━━━ INPUT DATA ━━━

(* Let $n\ge 1$ and let $\mathbf F$ be a family of subsets of $[n]$ such that $f(\mathbf F)\neq 0$, where $f(\mathbf F)=\sum_{\mathcal G} (-1)^{|\mathcal G|+1}$, the sum running over all nonempty subfamilies $\mathcal G\subseteq\mathbf F$ with $\bigcup_{G\in\mathcal G}G=[n]$. Then $\max\{r(\mathbf F),t(\mathbf F)\}\ge\sqrt n$.
   Context: $[n]=\{1,\dots,n\}$. The rank $r(\mathbf F)$ is the largest cardinality of a member of $\mathbf F$. $t(\mathbf F)$ is the largest $t$ for which there exist $F_1,\dots,F_t\in\mathbf F$ and elements $x_1,\dots,x_t$ with $x_i\in F_j$ iff $i=j$ (for all $1\le i,j\le t$). *)

theory Defs
  imports Complex_Main
begin

definition fam_f :: "nat \<Rightarrow> nat set set \<Rightarrow> int" where
  "fam_f n F = (\<Sum>G\<in>{G. G \<subseteq> F \<and> G \<noteq> {} \<and> \<Union>G = {1..n}}. (-1) ^ (card G + 1))"

definition fam_rank :: "'a set set \<Rightarrow> nat" where
  "fam_rank F = Max (insert 0 (card ` F))"

definition fam_t :: "'a set set \<Rightarrow> nat" where
  "fam_t F = Max {t. \<exists>S :: nat \<Rightarrow> 'a set. \<exists>x :: nat \<Rightarrow> 'a.
      (\<forall>j\<in>{1..t}. S j \<in> F) \<and>
      (\<forall>i\<in>{1..t}. \<forall>j\<in>{1..t}. (x i \<in> S j \<longleftrightarrow> i = j))}"

end

theory Submission
  imports Defs
begin

text \<open>Since \<open>f(\<F>) \<noteq> 0\<close>, some subfamily of \<open>\<F>\<close> covers \<open>[n]\<close>; a cover of minimum size
  is irredundant, so each of its members has a private element. These members with their
  private elements witness \<open>t(\<F>) \<ge> |\<G>|\<close>, while \<open>n \<le> |\<G>| \<cdot> r(\<F>)\<close>; hence
  \<open>n \<le> max(r(\<F>), t(\<F>))\<^sup>2\<close>.\<close>

definition has_private_elements :: "'a set set \<Rightarrow> bool" where
  "has_private_elements G \<longleftrightarrow> (\<forall>A\<in>G. \<exists>y\<in>A. \<forall>B\<in>G. B \<noteq> A \<longrightarrow> y \<notin> B)"

lemma minimal_subcover_has_private_elements:
  assumes "finite G0" and "\<Union>G0 = U"
  obtains G where "G \<subseteq> G0" and "\<Union>G = U" and "has_private_elements G"
proof -
  let ?C = "{G. G \<subseteq> G0 \<and> \<Union>G = U}"
  have "G0 \<in> ?C" using assms(2) by blast
  then obtain G where GC: "G \<in> ?C" and Gmin: "\<And>G'. G' \<in> ?C \<Longrightarrow> card G \<le> card G'"
    using ex_has_least_nat[of "\<lambda>G. G \<in> ?C" G0 card] by blast
  have finG: "finite G" using GC assms(1) finite_subset by blast
  have "has_private_elements G"
    unfolding has_private_elements_def
  proof (rule ballI, rule ccontr)
    fix A assume A: "A \<in> G" and "\<not> (\<exists>y\<in>A. \<forall>B\<in>G. B \<noteq> A \<longrightarrow> y \<notin> B)"
    then have "G - {A} \<in> ?C" using GC by blast
    then have "card G \<le> card (G - {A})" by (rule Gmin)
    moreover have "card (G - {A}) < card G" using finG A by (rule card_Diff1_less)
    ultimately show False by simp
  qed
  with GC show thesis using that by blast
qed

lemma fam_t_ge:
  fixes F :: "'a set set" and S :: "nat \<Rightarrow> 'a set" and x :: "nat \<Rightarrow> 'a"
  assumes fin: "finite (\<Union>F)"
    and S: "\<forall>j\<in>{1..k}. S j \<in> F"
    and x: "\<forall>i\<in>{1..k}. \<forall>j\<in>{1..k}. (x i \<in> S j \<longleftrightarrow> i = j)"
  shows "k \<le> fam_t F"
proof -
  let ?T = "{t. \<exists>S :: nat \<Rightarrow> 'a set. \<exists>x :: nat \<Rightarrow> 'a.
      (\<forall>j\<in>{1..t}. S j \<in> F) \<and> (\<forall>i\<in>{1..t}. \<forall>j\<in>{1..t}. (x i \<in> S j \<longleftrightarrow> i = j))}"
  have bound: "t \<le> card (\<Union>F)" if "t \<in> ?T" for t
  proof -
    from that obtain S x where S: "\<forall>j\<in>{1..t}. S j \<in> F"
      and x: "\<forall>i\<in>{1..t}. \<forall>j\<in>{1..t}. (x i \<in> S j \<longleftrightarrow> i = j)" by blast
    have "inj_on x {1..t}" by (rule inj_onI) (metis x)
    moreover have "x ` {1..t} \<subseteq> \<Union>F" using S x by blast
    ultimately have "card {1..t} \<le> card (\<Union>F)" using fin by (rule card_inj_on_le)
    then show ?thesis by simp
  qed
  have "finite ?T" by (rule finite_subset[of _ "{..card (\<Union>F)}"]) (use bound in auto)
  moreover have "k \<in> ?T" using S x by blast
  ultimately show ?thesis unfolding fam_t_def by (rule Max_ge)
qed

lemma card_le_fam_t:
  assumes "finite (\<Union>F)" and "finite G" and "G \<subseteq> F" and "has_private_elements G"
  shows "card G \<le> fam_t F"
proof -
  obtain p where p: "\<And>A. A \<in> G \<Longrightarrow> p A \<in> A \<and> (\<forall>B\<in>G. B \<noteq> A \<longrightarrow> p A \<notin> B)"
    using assms(4) unfolding has_private_elements_def by metis
  obtain h where h: "bij_betw h {1..card G} G"
    using ex_bij_betw_nat_finite_1[OF assms(2)] by blast
  have hG: "h j \<in> G" if "j \<in> {1..card G}" for j using bij_betw_apply[OF h that] .
  have "p (h i) \<in> h j \<longleftrightarrow> i = j" if i: "i \<in> {1..card G}" and j: "j \<in> {1..card G}" for i j
  proof
    assume "p (h i) \<in> h j"
    then have "h j = h i" using p[OF hG[OF i]] hG[OF j] by blast
    then show "i = j" using inj_on_eq_iff[OF bij_betw_imp_inj_on[OF h] j i] by simp
  qed (use p[OF hG[OF i]] in simp)
  then show ?thesis using hG assms(3) by (intro fam_t_ge[OF assms(1), where S = h and x = "\<lambda>i. p (h i)"]) auto
qed

lemma card_le_fam_rank:
  assumes "finite F" and "A \<in> F"
  shows "card A \<le> fam_rank F"
  unfolding fam_rank_def using assms by (intro Max_ge) auto

lemma card_Union_le_card_mult_fam_rank:
  assumes "finite F" and "G \<subseteq> F"
  shows "card (\<Union>G) \<le> card G * fam_rank F"
proof -
  have "card (\<Union>G) \<le> sum card G" by (rule card_Union_le_sum_card)
  also have "\<dots> \<le> card G * fam_rank F"
    using sum_bounded_above[of G card "fam_rank F"] card_le_fam_rank[OF assms(1)] assms(2)
    by auto
  finally show ?thesis .
qed

lemma fam_f_nonzero_imp_cover:
  assumes "fam_f n F \<noteq> 0"
  obtains G where "G \<subseteq> F" and "\<Union>G = {1..n}"
proof -
  have "{G. G \<subseteq> F \<and> G \<noteq> {} \<and> \<Union>G = {1..n}} \<noteq> {}"
  proof
    assume "{G. G \<subseteq> F \<and> G \<noteq> {} \<and> \<Union>G = {1..n}} = {}"
    then have "fam_f n F = 0" unfolding fam_f_def by (simp only: sum.empty)
    with assms show False by contradiction
  qed
  then show thesis using that by blast
qed

theorem lemma3p3:
  fixes n :: nat and F :: "nat set set"
  assumes "n \<ge> 1"
    and "F \<subseteq> Pow {1..n}"
    and "fam_f n F \<noteq> 0"
  shows "real (max (fam_rank F) (fam_t F)) \<ge> sqrt (real n)"
proof -
  have finU: "finite (\<Union>F)" using assms(2) by (meson Sup_le_iff PowD finite_atLeastAtMost finite_subset subsetD)
  then have finF: "finite F" by (rule finite_UnionD)
  obtain G0 where "G0 \<subseteq> F" "\<Union>G0 = {1..n}" using assms(3) by (rule fam_f_nonzero_imp_cover)
  moreover from \<open>G0 \<subseteq> F\<close> finF have "finite G0" by (rule finite_subset)
  ultimately obtain G where GF: "G \<subseteq> F" and GU: "\<Union>G = {1..n}" and "has_private_elements G"
    using minimal_subcover_has_private_elements by (metis order_trans)
  moreover have "finite G" using GF finF by (rule finite_subset)
  ultimately have t: "card G \<le> fam_t F" using finU by (intro card_le_fam_t)
  define m where "m = max (fam_rank F) (fam_t F)"
  have "n = card (\<Union>G)" using GU by simp
  also have "\<dots> \<le> card G * fam_rank F" using finF GF by (rule card_Union_le_card_mult_fam_rank)
  also have "\<dots> \<le> m * m" unfolding m_def using t by (intro mult_mono) auto
  finally have "sqrt (real n) \<le> sqrt (real m * real m)"
    by (intro real_sqrt_le_mono) (simp only: of_nat_mult[symmetric] of_nat_le_iff)
  then show ?thesis unfolding m_def by simp
qed

end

━━━

__ACTIVITY__:
Filter the data for the string "finally" and copy every line that has it.

__WRITTEN ANSWER__:
  finally show ?thesis .
  finally have "sqrt (real n) \<le> sqrt (real m * real m)"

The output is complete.